Look through the listing below and give the number of lines in which "induction" occurs, nothing more.

----- RECORD EXCERPTS

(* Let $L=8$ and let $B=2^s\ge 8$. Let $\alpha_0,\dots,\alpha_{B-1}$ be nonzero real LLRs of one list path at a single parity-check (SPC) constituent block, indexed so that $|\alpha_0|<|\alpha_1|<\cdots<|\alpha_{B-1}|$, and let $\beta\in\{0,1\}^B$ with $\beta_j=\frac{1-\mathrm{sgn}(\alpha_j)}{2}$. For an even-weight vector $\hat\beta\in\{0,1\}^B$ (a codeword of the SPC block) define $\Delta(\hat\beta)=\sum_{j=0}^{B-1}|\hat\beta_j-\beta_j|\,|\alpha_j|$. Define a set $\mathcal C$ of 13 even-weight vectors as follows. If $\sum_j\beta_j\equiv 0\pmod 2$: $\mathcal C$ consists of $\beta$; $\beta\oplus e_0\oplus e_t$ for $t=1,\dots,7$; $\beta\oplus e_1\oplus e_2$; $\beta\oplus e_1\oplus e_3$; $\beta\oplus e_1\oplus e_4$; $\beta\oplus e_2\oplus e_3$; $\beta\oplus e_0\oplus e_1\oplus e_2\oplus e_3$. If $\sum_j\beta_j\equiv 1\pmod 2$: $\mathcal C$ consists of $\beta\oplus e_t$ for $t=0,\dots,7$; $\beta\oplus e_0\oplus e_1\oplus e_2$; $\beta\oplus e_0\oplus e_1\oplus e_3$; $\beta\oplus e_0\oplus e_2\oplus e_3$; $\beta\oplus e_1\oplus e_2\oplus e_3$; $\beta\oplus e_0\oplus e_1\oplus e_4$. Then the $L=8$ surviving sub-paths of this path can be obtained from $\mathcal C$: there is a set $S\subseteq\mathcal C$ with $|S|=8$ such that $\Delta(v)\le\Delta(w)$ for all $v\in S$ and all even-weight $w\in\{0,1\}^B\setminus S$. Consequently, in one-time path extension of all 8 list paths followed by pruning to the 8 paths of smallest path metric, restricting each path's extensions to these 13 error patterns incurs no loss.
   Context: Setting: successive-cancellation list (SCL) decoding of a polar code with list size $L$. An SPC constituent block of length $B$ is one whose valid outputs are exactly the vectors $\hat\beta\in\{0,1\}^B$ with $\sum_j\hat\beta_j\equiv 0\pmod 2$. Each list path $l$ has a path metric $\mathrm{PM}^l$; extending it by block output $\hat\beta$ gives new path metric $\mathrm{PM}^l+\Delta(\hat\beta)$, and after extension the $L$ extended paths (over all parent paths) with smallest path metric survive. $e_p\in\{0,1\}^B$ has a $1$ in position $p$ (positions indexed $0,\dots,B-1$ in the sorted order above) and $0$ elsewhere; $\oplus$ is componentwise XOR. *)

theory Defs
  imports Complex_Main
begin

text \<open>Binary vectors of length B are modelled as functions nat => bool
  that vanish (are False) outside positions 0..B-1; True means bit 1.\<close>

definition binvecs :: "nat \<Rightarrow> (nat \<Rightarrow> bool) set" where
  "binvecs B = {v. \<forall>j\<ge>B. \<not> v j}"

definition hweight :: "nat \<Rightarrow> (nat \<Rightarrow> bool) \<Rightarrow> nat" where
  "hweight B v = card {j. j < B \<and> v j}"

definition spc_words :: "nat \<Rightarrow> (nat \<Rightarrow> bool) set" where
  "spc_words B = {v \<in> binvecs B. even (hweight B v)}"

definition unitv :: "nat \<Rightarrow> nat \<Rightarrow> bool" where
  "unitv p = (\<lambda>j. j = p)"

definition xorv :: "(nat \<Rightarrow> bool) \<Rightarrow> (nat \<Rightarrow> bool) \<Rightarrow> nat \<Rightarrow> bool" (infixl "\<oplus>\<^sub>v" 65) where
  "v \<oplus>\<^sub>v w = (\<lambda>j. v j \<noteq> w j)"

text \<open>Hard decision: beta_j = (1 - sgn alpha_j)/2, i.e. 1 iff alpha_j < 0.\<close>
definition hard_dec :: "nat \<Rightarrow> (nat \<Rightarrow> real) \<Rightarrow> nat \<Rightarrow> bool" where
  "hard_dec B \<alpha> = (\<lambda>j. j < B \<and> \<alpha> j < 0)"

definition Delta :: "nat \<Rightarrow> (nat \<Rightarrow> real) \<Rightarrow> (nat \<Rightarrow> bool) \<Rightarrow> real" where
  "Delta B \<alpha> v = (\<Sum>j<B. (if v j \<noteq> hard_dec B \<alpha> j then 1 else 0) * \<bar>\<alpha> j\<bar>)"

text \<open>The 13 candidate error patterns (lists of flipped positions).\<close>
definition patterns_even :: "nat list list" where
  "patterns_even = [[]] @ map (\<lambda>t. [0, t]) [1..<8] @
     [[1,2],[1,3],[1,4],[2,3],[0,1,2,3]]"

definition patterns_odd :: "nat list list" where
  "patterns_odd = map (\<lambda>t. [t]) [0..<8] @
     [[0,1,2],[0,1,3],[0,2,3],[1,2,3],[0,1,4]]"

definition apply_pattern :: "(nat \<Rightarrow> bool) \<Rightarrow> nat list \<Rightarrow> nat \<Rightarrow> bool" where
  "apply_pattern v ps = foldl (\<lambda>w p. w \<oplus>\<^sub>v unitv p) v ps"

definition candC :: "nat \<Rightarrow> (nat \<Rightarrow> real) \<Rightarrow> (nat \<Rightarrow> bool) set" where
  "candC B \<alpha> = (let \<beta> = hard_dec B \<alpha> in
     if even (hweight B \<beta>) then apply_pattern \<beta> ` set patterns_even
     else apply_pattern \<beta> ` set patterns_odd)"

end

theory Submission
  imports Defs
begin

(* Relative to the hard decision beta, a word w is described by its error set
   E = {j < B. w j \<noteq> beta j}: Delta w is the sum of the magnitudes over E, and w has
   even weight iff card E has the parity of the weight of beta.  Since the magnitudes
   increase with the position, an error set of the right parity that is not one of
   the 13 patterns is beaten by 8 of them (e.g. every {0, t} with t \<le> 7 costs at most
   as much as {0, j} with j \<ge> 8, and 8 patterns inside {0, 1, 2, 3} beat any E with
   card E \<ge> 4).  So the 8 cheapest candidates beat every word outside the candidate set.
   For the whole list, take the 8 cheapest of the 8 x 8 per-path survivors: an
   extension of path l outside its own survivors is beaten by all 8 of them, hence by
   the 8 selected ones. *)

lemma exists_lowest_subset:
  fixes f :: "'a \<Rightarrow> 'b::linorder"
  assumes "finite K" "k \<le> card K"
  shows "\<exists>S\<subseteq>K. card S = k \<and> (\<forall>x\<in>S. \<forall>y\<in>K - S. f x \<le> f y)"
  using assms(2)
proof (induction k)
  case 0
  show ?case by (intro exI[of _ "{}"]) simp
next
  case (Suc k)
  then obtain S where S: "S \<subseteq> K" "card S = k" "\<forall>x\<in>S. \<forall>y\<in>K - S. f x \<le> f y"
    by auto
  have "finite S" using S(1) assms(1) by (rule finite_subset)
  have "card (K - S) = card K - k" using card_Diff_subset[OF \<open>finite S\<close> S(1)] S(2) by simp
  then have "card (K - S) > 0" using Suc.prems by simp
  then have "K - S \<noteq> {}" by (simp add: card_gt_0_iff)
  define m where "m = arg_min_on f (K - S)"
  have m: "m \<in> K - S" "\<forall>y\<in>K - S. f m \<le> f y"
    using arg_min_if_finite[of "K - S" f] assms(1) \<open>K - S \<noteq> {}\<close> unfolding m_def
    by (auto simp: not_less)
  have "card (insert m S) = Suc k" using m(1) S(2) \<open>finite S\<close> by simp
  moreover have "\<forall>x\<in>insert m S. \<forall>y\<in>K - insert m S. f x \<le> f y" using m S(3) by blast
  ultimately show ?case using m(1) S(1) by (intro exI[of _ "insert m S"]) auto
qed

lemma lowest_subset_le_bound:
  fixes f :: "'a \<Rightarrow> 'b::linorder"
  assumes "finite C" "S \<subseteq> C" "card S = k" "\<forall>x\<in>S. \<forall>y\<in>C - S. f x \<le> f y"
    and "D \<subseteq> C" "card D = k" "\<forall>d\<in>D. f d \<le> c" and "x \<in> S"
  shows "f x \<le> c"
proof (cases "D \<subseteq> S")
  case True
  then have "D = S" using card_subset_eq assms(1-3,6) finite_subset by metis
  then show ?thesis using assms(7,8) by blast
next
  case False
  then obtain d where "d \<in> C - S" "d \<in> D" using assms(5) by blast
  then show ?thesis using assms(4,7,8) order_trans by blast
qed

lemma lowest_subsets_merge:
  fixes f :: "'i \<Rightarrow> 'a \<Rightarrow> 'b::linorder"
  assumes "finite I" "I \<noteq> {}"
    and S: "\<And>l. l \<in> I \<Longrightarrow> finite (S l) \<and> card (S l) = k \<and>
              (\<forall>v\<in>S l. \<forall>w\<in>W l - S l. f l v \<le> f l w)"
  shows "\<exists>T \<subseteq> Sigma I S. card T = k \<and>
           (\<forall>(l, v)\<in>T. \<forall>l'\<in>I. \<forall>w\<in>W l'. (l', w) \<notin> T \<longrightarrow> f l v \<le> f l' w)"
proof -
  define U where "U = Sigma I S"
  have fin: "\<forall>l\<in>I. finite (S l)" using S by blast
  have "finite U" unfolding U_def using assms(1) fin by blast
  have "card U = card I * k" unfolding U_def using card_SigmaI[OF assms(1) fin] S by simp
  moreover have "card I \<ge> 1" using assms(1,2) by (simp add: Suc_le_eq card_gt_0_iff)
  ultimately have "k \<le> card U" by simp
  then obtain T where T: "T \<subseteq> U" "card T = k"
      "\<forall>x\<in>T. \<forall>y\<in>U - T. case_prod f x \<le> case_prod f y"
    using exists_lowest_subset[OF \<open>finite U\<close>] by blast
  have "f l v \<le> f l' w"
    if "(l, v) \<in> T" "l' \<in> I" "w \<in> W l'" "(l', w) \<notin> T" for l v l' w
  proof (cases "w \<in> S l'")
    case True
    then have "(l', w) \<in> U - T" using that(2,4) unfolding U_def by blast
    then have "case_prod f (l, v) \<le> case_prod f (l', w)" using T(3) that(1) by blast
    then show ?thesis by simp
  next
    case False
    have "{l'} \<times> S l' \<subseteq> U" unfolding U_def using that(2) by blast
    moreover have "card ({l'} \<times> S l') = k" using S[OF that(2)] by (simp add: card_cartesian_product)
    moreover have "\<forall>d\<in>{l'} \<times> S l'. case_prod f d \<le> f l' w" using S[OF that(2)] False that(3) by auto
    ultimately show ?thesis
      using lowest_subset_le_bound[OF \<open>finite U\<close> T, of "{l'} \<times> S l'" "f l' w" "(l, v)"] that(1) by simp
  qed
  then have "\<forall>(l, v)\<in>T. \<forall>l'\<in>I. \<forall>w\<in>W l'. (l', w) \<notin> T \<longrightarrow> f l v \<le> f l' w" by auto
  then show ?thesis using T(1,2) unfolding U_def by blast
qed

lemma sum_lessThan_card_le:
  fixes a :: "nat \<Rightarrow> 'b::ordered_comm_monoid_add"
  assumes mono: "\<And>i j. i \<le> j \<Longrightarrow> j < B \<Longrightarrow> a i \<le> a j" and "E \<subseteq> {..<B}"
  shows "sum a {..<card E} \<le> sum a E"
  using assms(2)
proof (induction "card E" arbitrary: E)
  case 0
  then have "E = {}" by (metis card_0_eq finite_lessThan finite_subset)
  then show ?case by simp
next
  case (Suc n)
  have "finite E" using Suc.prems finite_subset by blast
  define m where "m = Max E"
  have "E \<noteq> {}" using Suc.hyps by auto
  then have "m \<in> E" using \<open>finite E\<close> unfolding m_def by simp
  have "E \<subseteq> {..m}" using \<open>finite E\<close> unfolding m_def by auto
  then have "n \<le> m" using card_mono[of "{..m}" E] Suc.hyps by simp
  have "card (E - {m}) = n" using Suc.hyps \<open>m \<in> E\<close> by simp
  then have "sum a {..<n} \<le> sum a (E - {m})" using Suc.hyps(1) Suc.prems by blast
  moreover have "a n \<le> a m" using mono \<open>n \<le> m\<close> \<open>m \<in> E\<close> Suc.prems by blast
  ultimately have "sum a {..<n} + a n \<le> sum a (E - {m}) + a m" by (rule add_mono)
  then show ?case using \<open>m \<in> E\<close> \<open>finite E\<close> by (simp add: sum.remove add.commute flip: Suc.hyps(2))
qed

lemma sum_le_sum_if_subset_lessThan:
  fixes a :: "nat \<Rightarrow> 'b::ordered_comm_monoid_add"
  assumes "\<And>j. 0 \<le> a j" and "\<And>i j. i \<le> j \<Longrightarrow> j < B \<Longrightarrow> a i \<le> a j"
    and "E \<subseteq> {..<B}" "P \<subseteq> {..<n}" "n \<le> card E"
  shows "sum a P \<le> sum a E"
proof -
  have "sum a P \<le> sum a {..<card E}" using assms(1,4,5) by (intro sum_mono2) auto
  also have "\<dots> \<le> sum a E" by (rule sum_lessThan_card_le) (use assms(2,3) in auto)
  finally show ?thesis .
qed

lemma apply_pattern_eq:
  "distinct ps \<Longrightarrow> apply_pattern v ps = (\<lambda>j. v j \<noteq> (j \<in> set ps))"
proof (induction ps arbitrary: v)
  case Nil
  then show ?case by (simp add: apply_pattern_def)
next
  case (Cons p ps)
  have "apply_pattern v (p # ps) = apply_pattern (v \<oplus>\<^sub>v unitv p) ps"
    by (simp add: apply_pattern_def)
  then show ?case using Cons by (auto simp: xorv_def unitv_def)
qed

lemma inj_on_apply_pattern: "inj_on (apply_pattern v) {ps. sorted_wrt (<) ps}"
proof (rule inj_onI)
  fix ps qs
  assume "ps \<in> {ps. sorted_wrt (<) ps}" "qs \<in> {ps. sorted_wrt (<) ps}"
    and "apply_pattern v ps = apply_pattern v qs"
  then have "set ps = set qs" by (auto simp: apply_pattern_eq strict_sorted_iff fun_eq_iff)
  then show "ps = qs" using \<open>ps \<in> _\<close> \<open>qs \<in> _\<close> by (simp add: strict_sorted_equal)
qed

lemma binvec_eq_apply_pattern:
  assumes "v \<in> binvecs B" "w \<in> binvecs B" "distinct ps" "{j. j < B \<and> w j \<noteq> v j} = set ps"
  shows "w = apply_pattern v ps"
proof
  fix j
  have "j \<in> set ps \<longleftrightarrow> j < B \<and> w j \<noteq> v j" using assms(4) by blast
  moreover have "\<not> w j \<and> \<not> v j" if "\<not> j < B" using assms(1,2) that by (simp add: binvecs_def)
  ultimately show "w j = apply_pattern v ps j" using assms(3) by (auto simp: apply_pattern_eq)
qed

----------

- ANSWER BOX
3